### Task input
##############################
lemma shuffle_sum_Suc_Suc:
  fixes u v :: "nat \<Rightarrow> 'a::field"
  assumes IH1: "\<And>r s (u :: nat \<Rightarrow> 'a) v d N. admissible k (Suc l) r s u v d N \<Longrightarrow>
      shuffle_sum k (Suc l) r s u v d True N = lowered_product k (Suc l) r s u v d"
    and IH2: "\<And>r s (u :: nat \<Rightarrow> 'a) v d N. admissible l (Suc k) r s u v d N \<Longrightarrow>
      shuffle_sum l (Suc k) r s u v d True N = lowered_product l (Suc k) r s u v d"
    and adm: "admissible (Suc k) (Suc l) r s u v d N"
  shows "shuffle_sum (Suc k) (Suc l) r s u v d True N = lowered_product (Suc k) (Suc l) r s u v d"
proof (cases "d < int (s 1)")
  case True
  let ?X = "\<Sum>j=1..Suc k. u j" and ?Y = "\<Sum>j=1..Suc l. v j"
  let ?a = "r 1" and ?b = "nat (int (s 1) - d)"
  have nz: "tail_sums_nonzero (Suc k) (Suc l) u v" and a: "?a \<ge> 1"
    using adm by (auto simp: admissible_def)
  have "shuffle_sum (Suc k) (Suc l) r s u v d True N =
      mzf k (\<lambda>j. r (Suc j)) (\<lambda>j. u (Suc j)) * mzf l (\<lambda>j. s (Suc j)) (\<lambda>j. v (Suc j)) *
      (partial_fraction_sum (?X + ?Y) ?Y ?a ?b + partial_fraction_sum (?X + ?Y) ?X ?b ?a)"
    using shuffle_sum_split[of "Suc k" "Suc l" r s u v d True N] True
      shuffle_sum_fst_Suc_Suc_True[OF IH1 adm] shuffle_sum_fst_Suc_Suc_False[OF IH2 admissible_swap[OF adm]]
    by (simp add: algebra_simps)
  also have "\<dots> = mzf k (\<lambda>j. r (Suc j)) (\<lambda>j. u (Suc j)) * mzf l (\<lambda>j. s (Suc j)) (\<lambda>j. v (Suc j)) *
      (1 / (?X ^ ?a * ?Y ^ ?b))"
    using True a tail_sums_nonzero_fst[OF nz] tail_sums_nonzero_fst[OF tail_sums_nonzero_swap[OF nz]]
      tail_sums_nonzero_total[OF nz] by (simp add: inverse_power_partial_fractions)
  also have "\<dots> = lowered_product (Suc k) (Suc l) r s u v d"
    using True mzf_Suc[of k r "\<lambda>j. r (Suc j)" u "\<lambda>j. u (Suc j)"] by (simp add: lowered_product_Suc)
  finally show ?thesis .
next
  case False
  then show ?thesis
    using shuffle_sum_split[of "Suc k" "Suc l" r s u v d True N]
      shuffle_sum_fst_Suc_Suc_True[OF IH1 adm] shuffle_sum_fst_Suc_Suc_False[OF IH2 admissible_swap[OF adm]]
    by (simp add: lowered_product_Suc)
qed

lemma shuffle_sum_eq_lowered_product:
  fixes u v :: "nat \<Rightarrow> 'a::field"
  assumes "admissible k l r s u v d N"
  shows "shuffle_sum k l r s u v d True N = lowered_product k l r s u v d"
  using assms
proof (induction "k + l" arbitrary: k l r s u v d N rule: less_induct)
  case less
  consider "k = 0" "l = 0" | k' where "k = Suc k'" "l = 0" | l' where "k = 0" "l = Suc l'"
    | k' l' where "k = Suc k'" "l = Suc l'"
    by (cases k; cases l) auto
  then show ?case
  proof cases
    case 1
    then have "N = 0" "d = 0" using less.prems by (auto simp: admissible_def)
    then show ?thesis using 1 by (simp add: shuffle_sum_0_0 lowered_product_0 mzf_0)
  next
    case (2 k')
    then show ?thesis using less by (auto intro: shuffle_sum_Suc_0)
  next
    case (3 l')
    then show ?thesis using less by (auto intro: shuffle_sum_0_Suc)
  next
    case (4 k' l')
    then show ?thesis using less by (auto intro: shuffle_sum_Suc_Suc)
  qed
qed

lemma shuffle_coeff_eq_ccoef:
  assumes p: "(\<phi>, \<psi>) \<in> shuffle_pairs k l" and i: "i \<in> {1..k+l}"
    and t: "t i \<ge> 1" and s: "\<forall>j\<in>{1..l}. s j \<ge> 1"
  shows "shuffle_coeff k l r s t \<phi> \<psi> 0 True i = ccoef k l r s t \<phi> \<psi> i"
proof (cases "i = 1 \<and> 1 \<notin> \<phi> ` {1..k}")
  case False
  have "((if i = 1 then True else i - 1 \<in> \<phi> ` {1..k}) = (i \<in> \<phi> ` {1..k})) \<longleftrightarrow>
      i = 1 \<or> (i - 1 \<in> \<phi> ` {1..k} \<and> i \<in> \<phi> ` {1..k}) \<or> (i - 1 \<in> \<psi> ` {1..l} \<and> i \<in> \<psi> ` {1..l})"
  proof (cases "i = 1")
    case False
    then have "i - 1 \<in> \<psi> ` {1..l} \<longleftrightarrow> i - 1 \<notin> \<phi> ` {1..k}"
      using i by (intro shuffle_pairs_snd_image_iff[OF p]) auto
    then show ?thesis using shuffle_pairs_snd_image_iff[OF p i] False by auto
  qed (use False in simp)
  then show ?thesis unfolding shuffle_coeff_def ccoef_def Let_def by simp
next
  case True
  then have i1: "i = 1" and "1 \<in> \<psi> ` {1..l}" using shuffle_pairs_snd_image_iff[OF p i] by auto
  then have \<psi>1: "\<psi> 1 = 1" and l: "1 \<in> {1..l}"
    using shuffle_pairs_fst_1[of \<psi> \<phi> l k] p by (auto simp: shuffle_pairs_swap)
  have "{j \<in> {1..l}. \<psi> j \<in> {1..1}} = {1}"
    using inj_onD[OF shuffle_pairs_inj(2)[OF p], of _ 1] \<psi>1 l by auto
  moreover have "{j \<in> {1..k}. \<phi> j \<in> {1..1}} = {}" using True by force
  moreover have "shuffle_vec k l \<phi> \<psi> r s 1 = s 1" using shuffle_vec_snd[OF p l] \<psi>1 by simp
  moreover have "ibinom (t 1 - 1) (int (t 1) - int (s 1)) = (t 1 - 1) choose (s 1 - 1)"
    using ibinom_diff[of "t 1" "int (s 1)"] t s l i1 by simp
  ultimately show ?thesis using True unfolding shuffle_coeff_def ccoef_def Let_def i1 by simp
qed

theorem theorem3p2:
  fixes k l :: nat and r s :: "nat \<Rightarrow> nat" and u v :: "nat \<Rightarrow> 'a::field_char_0"
  assumes "k \<ge> 1" and "l \<ge> 1"
    and "\<forall>i\<in>{1..k}. r i \<ge> 1" and "\<forall>i\<in>{1..l}. s i \<ge> 1"
    and nz: "\<forall>a\<in>{1..k+1}. \<forall>b\<in>{1..l+1}. (a, b) \<noteq> (k+1, l+1) \<longrightarrow>
               (\<Sum>j=a..k. u j) + (\<Sum>j=b..l. v j) \<noteq> 0"
  shows "mzf k r u * mzf l s v =
    (\<Sum>(\<phi>, \<psi>)\<in>shuffle_pairs k l.
       \<Sum>t\<in>{t \<in> {1..k+l} \<rightarrow>\<^sub>E UNIV. (\<forall>i\<in>{1..k+l}. t i \<ge> 1) \<and>
                 (\<Sum>i=1..k+l. t i) = (\<Sum>i=1..k. r i) + (\<Sum>i=1..l. s i)}.
         of_nat (\<Prod>i=1..k+l. ccoef k l r s t \<phi> \<psi> i) *
         mzf (k+l) t (shuffle_vec k l \<phi> \<psi> u v))"
proof -
  let ?N = "(\<Sum>i=1..k. r i) + (\<Sum>i=1..l. s i)"
  have "admissible k l r s u v 0 ?N"
    using assms by (simp add: admissible_def tail_sums_nonzero_def)
  then have "shuffle_sum k l r s u v 0 True ?N = lowered_product k l r s u v 0"
    by (rule shuffle_sum_eq_lowered_product)
  also have "lowered_product k l r s u v 0 = mzf k r u * mzf l s v"
  proof -
    have "s 1 \<ge> 1" using assms(2,4) by simp
    then show ?thesis using assms(2) by (simp add: lowered_product_def)
  qed
  finally have "mzf k r u * mzf l s v = shuffle_sum k l r s u v 0 True ?N" ..
  also have "\<dots> = (\<Sum>(\<phi>, \<psi>)\<in>shuffle_pairs k l. \<Sum>t\<in>compositions (k+l) ?N.
      of_nat (\<Prod>i=1..k+l. ccoef k l r s t \<phi> \<psi> i) * mzf (k+l) t (shuffle_vec k l \<phi> \<psi> u v))"
    unfolding shuffle_sum_def shuffle_term_def split_beta
    using shuffle_coeff_eq_ccoef assms(4) by (auto simp: compositions_def intro!: sum.cong prod.cong)
  finally show ?thesis unfolding compositions_def .
qed

end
##############################
In the listing above, reproduce the first line and each one after it through the line that contains "shuffle_sum l (Suc".

### Response to this task
lemma shuffle_sum_Suc_Suc:
  fixes u v :: "nat \<Rightarrow> 'a::field"
  assumes IH1: "\<And>r s (u :: nat \<Rightarrow> 'a) v d N. admissible k (Suc l) r s u v d N \<Longrightarrow>
      shuffle_sum k (Suc l) r s u v d True N = lowered_product k (Suc l) r s u v d"
    and IH2: "\<And>r s (u :: nat \<Rightarrow> 'a) v d N. admissible l (Suc k) r s u v d N \<Longrightarrow>
      shuffle_sum l (Suc k) r s u v d True N = lowered_product l (Suc k) r s u v d"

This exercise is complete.